TS: As a designer, what I tend to do is look at palette first. What is the tone of the play, the environment of the play, the psychology of the characters? Our approach is to design a unit set – one set on which all three plays function. So we are starting with the last play, and working backward. Because “Holy Ghosts” takes place in an empty room, once we get the architecture of that room down, we’ll be able to plug other two plays into it. So the season is something of a reduction process. We’ll start with “Reckless,” and pull away layers to find “Twelfth Night,” then pull away further to reveal “Holy Ghosts.” In other words, the audience of “Reckless” will not know the architecture of “Holy Ghosts” is right there.

One of the great things about “Holy Ghosts” for me as an artist, is that in the lobby Beth has asked me to do an exhibit of my Appalachia paintings with the aim of giving the audience complete submersion into the world. I will exhibit seven portraits, the subjects being everyday people from our homeland portrayed as religious icons. So you have coalminers, or farmers for example. The paintings will depict something to do with that person’s faith. Most likely they will begin as black and white charcoal drawings.

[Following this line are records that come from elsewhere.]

lemma Gamma0_2_plus_subset: "Gamma0_2_plus \<subseteq> Gamma0_2 \<union> W2_coset"
proof
  fix A assume "A \<in> Gamma0_2_plus"
  then show "A \<in> Gamma0_2 \<union> W2_coset"
  proof (induction rule: Gamma0_2_plus.induct)
    case (mult A B)
    have "A ** B \<in> Gamma0_2" if "A \<in> Gamma0_2" "B \<in> Gamma0_2"
      using that matrix_subgroup_Gamma00[of 2 1]
      unfolding Gamma0_2_eq_Gamma00 matrix_subgroup_def by blast
    then show ?case
      using mult.IH Gamma0_2_mult_W2_coset W2_coset_mult_Gamma0_2 W2_coset_mult_W2_coset by blast
  next
    case (inv A)
    have "matrix_inv A \<in> Gamma0_2" if "A \<in> Gamma0_2"
      using that matrix_subgroup_Gamma00[of 2 1]
      unfolding Gamma0_2_eq_Gamma00 matrix_subgroup_def by blast
    then show ?case
      using inv.IH matrix_inv_W2_coset by blast
  qed (auto simp: w2_in_W2_coset)
qed

lemma W2_coset_first_column_not_integral:
  assumes "A \<in> W2_coset" "A$1$1 \<in> \<int>" "A$2$1 \<in> \<int>"
  shows False
proof -
  obtain p q r t where
    A: "A = mat2 (sqrt 2 * of_int p) (of_int q / sqrt 2) (sqrt 2 * of_int r) (sqrt 2 * of_int t)"
       "2*p*t - q*r = 1"
    using assms(1) by (rule W2_coset_cases)
  have "p = 0" "r = 0"
    using assms(2,3) unfolding A(1) by (auto intro: sqrt_2_mult_of_int_in_Ints_imp_zero)
  then show False
    using A(2) by simp
qed

lemma conj_diag2:
  assumes "r \<noteq> 0"
  shows "matrix_inv (mat2 1 0 0 r) ** A ** mat2 1 0 0 r = mat2 (A$1$1) (r * A$1$2) (A$2$1 / r) (A$2$2)"
proof -
  have "matrix_inv (mat2 1 0 0 r) ** A ** mat2 1 0 0 r
      = matrix_inv (mat2 1 0 0 r) ** mat2 (A$1$1) (A$1$2) (A$2$1) (A$2$2) ** mat2 1 0 0 r"
    by (simp only: mat2_eta[symmetric])
  also have "\<dots> = mat2 (A$1$1) (r * A$1$2) (A$2$1 / r) (A$2$2)"
    using assms by (simp add: matrix_inv_diag2 mat2_mult)
  finally show ?thesis .
qed

lemma Gamma0_2_Int_conj_Gamma0_2_plus:
  assumes "m > 0"
  shows "Gamma0_2 \<inter> conj_by (mat2 1 0 0 (real m)) Gamma0_2_plus = Gamma00 2 (int m)"
proof (intro set_eqI iffI)
  fix A assume A_in: "A \<in> Gamma0_2 \<inter> conj_by (mat2 1 0 0 (real m)) Gamma0_2_plus"
  then obtain a b c d where A: "A = imat2 a b c d" "a*d - b*c = 1" "2 dvd c"
    unfolding Gamma0_2_eq_Gamma00 by (auto elim!: Gamma00_cases)
  obtain h0 where
    h0: "h0 \<in> Gamma0_2_plus" "A = matrix_inv (mat2 1 0 0 (real m)) ** h0 ** mat2 1 0 0 (real m)"
    using A_in unfolding conj_by_def by blast
  then have "imat2 a b c d = mat2 (h0$1$1) (real m * h0$1$2) (h0$2$1 / real m) (h0$2$2)"
    using A(1) assms by (simp add: conj_diag2)
  then have h0_eq: "h0$1$1 = of_int a" "real m * h0$1$2 = of_int b" "h0$2$1 = of_int (int m * c)"
    using assms by (auto simp: imat2_def field_simps)
  have "h0 \<notin> W2_coset"
    using W2_coset_first_column_not_integral h0_eq(1,3) by (metis Ints_of_int)
  then have "h0 \<in> Gamma0_2"
    using Gamma0_2_plus_subset h0(1) by blast
  then have "h0$1$2 \<in> \<int>"
    by (simp add: Gamma0_2_def)
  then obtain k where "h0$1$2 = of_int k"
    by (elim Ints_cases)
  then have "real_of_int b = of_int (int m * k)"
    using h0_eq(2) by simp
  then have "b = int m * k"
    by (simp only: of_int_eq_iff)
  then show "A \<in> Gamma00 2 (int m)"
    using A by simp
next
  fix A assume "A \<in> Gamma00 2 (int m)"
  then obtain a b c d where A: "A = imat2 a b c d" "a*d - b*c = 1" "2 dvd c" "int m dvd b"
    by (rule Gamma00_cases)
  then obtain k where b: "b = int m * k"
    by blast
  have "imat2 a k (int m * c) d \<in> Gamma0_2"
    unfolding Gamma0_2_eq_Gamma00 using A(2,3) b by (simp add: algebra_simps)
  moreover have "A = matrix_inv (mat2 1 0 0 (real m)) ** imat2 a k (int m * c) d ** mat2 1 0 0 (real m)"
    unfolding A(1) b using assms by (simp add: conj_diag2 imat2_def)
  moreover have "A \<in> Gamma0_2"
    using A by (simp add: Gamma0_2_eq_Gamma00)
  ultimately show "A \<in> Gamma0_2 \<inter> conj_by (mat2 1 0 0 (real m)) Gamma0_2_plus"
    unfolding conj_by_def using Gamma0_2_plus.base by blast
qed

CC: What’s special about the “Holy Ghosts” process for you and Beth?
TS: As Beth and I have worked together for a number of years, she had a vision that we should honor our relationship through PAC as fellows. Have it speak to who we are as artists.
The people in “Holy Ghosts,” could easily become caricatures. But they’re not. They’re not clowns. They are rooted in the truth of their existence, as we all are. All of the people in that room are together with the belief that their faith in this higher power is all they need to get them through. They expound on how this has changed their lives and who they are without grandstanding – it just comes within the religiosity of the moment. Their handling of snakes, speaking in tongues, it’s all part of the belief that these actions will keep us safe, will heal us. Underneath that are the human failings we all have.

In addition to designing, I will play the role of Cancer Man – another dual role of designer/actor I last executed in “Fool for Love” at Coho Theatre with director Megan Ward.

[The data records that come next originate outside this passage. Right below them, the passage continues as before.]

definition is_comp :: "nat \<Rightarrow> nat \<Rightarrow> (nat \<Rightarrow> nat) \<Rightarrow> bool" where
  "is_comp p n b \<longleftrightarrow> (\<Sum>i=1..p. b i) = n"

definition alpha_comp :: "nat \<Rightarrow> (nat \<Rightarrow> nat) \<Rightarrow> nat" where
  "alpha_comp p b = (\<Sum>i=1..p. i * b i)"

definition ell_w :: "nat \<Rightarrow> (nat \<Rightarrow> nat) \<Rightarrow> nat" where
  "ell_w p b = (\<Sum>i=1..p. \<Sum>j=i+1..p. b i * b j)"

definition is_multipart :: "nat \<Rightarrow> (nat \<Rightarrow> nat list) \<Rightarrow> bool" where
  "is_multipart r lam \<longleftrightarrow> (\<forall>s\<in>{1..r}. is_partition (lam s))"

text \<open>lambda^[t] (t >= 1), indices taken periodically modulo p\<close>
definition blk :: "nat \<Rightarrow> nat \<Rightarrow> (nat \<Rightarrow> nat list) \<Rightarrow> nat \<Rightarrow> nat list list" where
  "blk p d lam t = map (\<lambda>c. lam (d * ((t - 1) mod p) + c)) [1..<d+1]"

definition Pdb :: "nat \<Rightarrow> nat \<Rightarrow> (nat \<Rightarrow> nat) \<Rightarrow> (nat \<Rightarrow> nat list) set" where
  "Pdb p d b = {lam. is_multipart (p * d) lam \<and>
      (\<forall>t\<in>{1..p}. sum_list (map sum_list (blk p d lam t)) = b t)}"

definition olam :: "nat \<Rightarrow> nat \<Rightarrow> (nat \<Rightarrow> nat list) \<Rightarrow> nat" where
  "olam p d lam = (LEAST k. 1 \<le> k \<and> (\<forall>t\<ge>1. blk p d lam (k + t) = blk p d lam t))"

definition plam :: "nat \<Rightarrow> nat \<Rightarrow> (nat \<Rightarrow> nat list) \<Rightarrow> nat" where
  "plam p d lam = p div olam p d lam"

definition nlam :: "nat \<Rightarrow> nat \<Rightarrow> nat \<Rightarrow> (nat \<Rightarrow> nat list) \<Rightarrow> nat" where
  "nlam p d n lam = n div plam p d lam"

text \<open>s = d(p_s - 1) + d_s\<close>
definition pidx :: "nat \<Rightarrow> nat \<Rightarrow> nat" where "pidx d s = (s - 1) div d + 1"
definition didx :: "nat \<Rightarrow> nat \<Rightarrow> nat" where "didx d s = (s - 1) mod d + 1"

definition cells :: "(nat \<Rightarrow> nat list) \<Rightarrow> nat set \<Rightarrow> (nat \<times> nat \<times> nat) set" where
  "cells lam S = {(i, j, s). s \<in> S \<and> 1 \<le> i \<and> 1 \<le> j \<and> j \<le> part (lam s) i}"

definition hlam :: "complex \<Rightarrow> complex \<Rightarrow> (nat \<Rightarrow> complex) \<Rightarrow> nat \<Rightarrow> (nat \<Rightarrow> nat list)
    \<Rightarrow> nat \<Rightarrow> nat \<Rightarrow> nat \<Rightarrow> nat \<Rightarrow> complex" where
  "hlam eps q Q d lam i j s t =
     eps powi (int (pidx d s) - int (pidx d t)) * q powi (hook (lam s) (lam t) i j)
     * Q (didx d s) / Q (didx d t)"

definition qexp :: "nat \<Rightarrow> nat \<Rightarrow> (nat \<Rightarrow> nat) \<Rightarrow> (nat \<Rightarrow> nat list) \<Rightarrow> int" where
  "qexp p d b lam = int (ell_w p b) - int (beta (arrow (map lam [1..<p*d+1])))
      + (\<Sum>a=1..p. int (beta (arrow (blk p d lam a))))"

definition f_lam :: "nat \<Rightarrow> nat \<Rightarrow> nat \<Rightarrow> (nat \<Rightarrow> nat) \<Rightarrow> (nat \<Rightarrow> nat list)
    \<Rightarrow> complex \<Rightarrow> complex \<Rightarrow> (nat \<Rightarrow> complex) \<Rightarrow> complex" where
  "f_lam p d n b lam eps q Q =
     eps powi ((int (p*d) * int n * (int p - 1)) div 2 - int d * int (alpha_comp p b))
     * q powi (qexp p d b lam)
     * (\<Prod>i=1..d. Q i) ^ (n * (p - 1))
     * (\<Prod>(i,j,s)\<in>cells lam {1..p*d}.
          \<Prod>t\<in>{t\<in>{1..p*d}. pidx d t \<noteq> pidx d s}. (hlam eps q Q d lam i j s t - 1))"

definition gamma_lam :: "nat \<Rightarrow> nat \<Rightarrow> (nat \<Rightarrow> nat) \<Rightarrow> (nat \<Rightarrow> nat list) \<Rightarrow> rat" where
  "gamma_lam p d b lam = of_int (qexp p d b lam) / of_nat (plam p d lam)"

definition alpha_lam :: "nat \<Rightarrow> nat \<Rightarrow> nat \<Rightarrow> (nat \<Rightarrow> nat) \<Rightarrow> (nat \<Rightarrow> nat list) \<Rightarrow> rat" where
  "alpha_lam p d n b lam =
     of_nat (nlam p d n lam) * (of_nat (p*d*p) - of_nat (d * olam p d lam)) / 2
     - of_nat (d * alpha_comp p b) / of_nat (plam p d lam)"

text \<open>g_lambda (the rational exponents are integers by the theorem; floor is then exact)\<close>
definition g_lam :: "nat \<Rightarrow> nat \<Rightarrow> nat \<Rightarrow> (nat \<Rightarrow> nat) \<Rightarrow> (nat \<Rightarrow> nat list)
    \<Rightarrow> complex \<Rightarrow> complex \<Rightarrow> (nat \<Rightarrow> complex) \<Rightarrow> complex" where
  "g_lam p d n b lam eps q Q =
     (let ol = olam p d lam; pl = plam p d lam; nl = nlam p d n lam in
     eps powi \<lfloor>alpha_lam p d n b lam\<rfloor> * q powi \<lfloor>gamma_lam p d b lam\<rfloor>
     * (\<Prod>i=1..d. Q i) ^ (nl * (p - 1))
     * (\<Prod>(i,j,s)\<in>cells lam {1..d*ol}. \<Prod>t\<in>{1..d*ol}.
          \<Prod>a\<in>{a. a < pl \<and> (pidx d t = pidx d s \<longrightarrow> a \<noteq> 0)}.
            (eps ^ (a * ol) * hlam eps q Q d lam i j s t - 1)))"

text \<open>membership in Z[eps, q^{+-1}, Q_1^{+-1}, ..., Q_d^{+-1}] for a function of (q,Q)
  (eps fixed): a fixed integer combination of monomials agreeing with it for all
  nonzero q, Q\<close>
definition in_Zring :: "nat \<Rightarrow> complex \<Rightarrow> (complex \<Rightarrow> (nat \<Rightarrow> complex) \<Rightarrow> complex) \<Rightarrow> bool" where
  "in_Zring d eps G \<longleftrightarrow> (\<exists>S :: (nat \<times> int \<times> int list) set. \<exists>c :: nat \<times> int \<times> int list \<Rightarrow> int.
      finite S \<and> (\<forall>(e,k,v)\<in>S. length v = d) \<and>
      (\<forall>q Q. q \<noteq> 0 \<and> (\<forall>i\<in>{1..d}. Q i \<noteq> 0) \<longrightarrow>
         G q Q = (\<Sum>(e,k,v)\<in>S. of_int (c (e,k,v)) * eps ^ e * q powi k
                     * (\<Prod>i<d. Q (i+1) powi (v ! i)))))"

end

theory Submission
  imports Defs "HOL-Library.Multiset"
begin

CC: As an established artist with an impressive body of work, how do you see PAC’s role in the community and what does its identity afford you as a designer?

TS: Portland needs PAC because art can save lives. This institution has established itself not only regionally but nationally as a place that changes people’s lives. It’s important for people to know there’s a place like this in Portland, a place raising the bar for quality of life in the city. In a world where anything can be achieved with the push of a button, there’s a real chance that live theatre for younger generations could become passé. It won’t, because we’re not going to let it; there are people that still gravitate toward it. It’s at PAC, it has a voice. PAC relishes artistic voices, and there is a human need for that voice. I can’t imagine a world without artistic expression - or I don’t want to. I don’t want to imagine what that world would look like.

When you have artists like Beth, me, Michael [Mendelson], Philp [Cuomo], and all of the PAC faculty who are able to say to these students who are full of wonderment, awe, questions: ‘I was once where you are, and this is what can happen.’ It is extraordinary to discover your contribution to the world.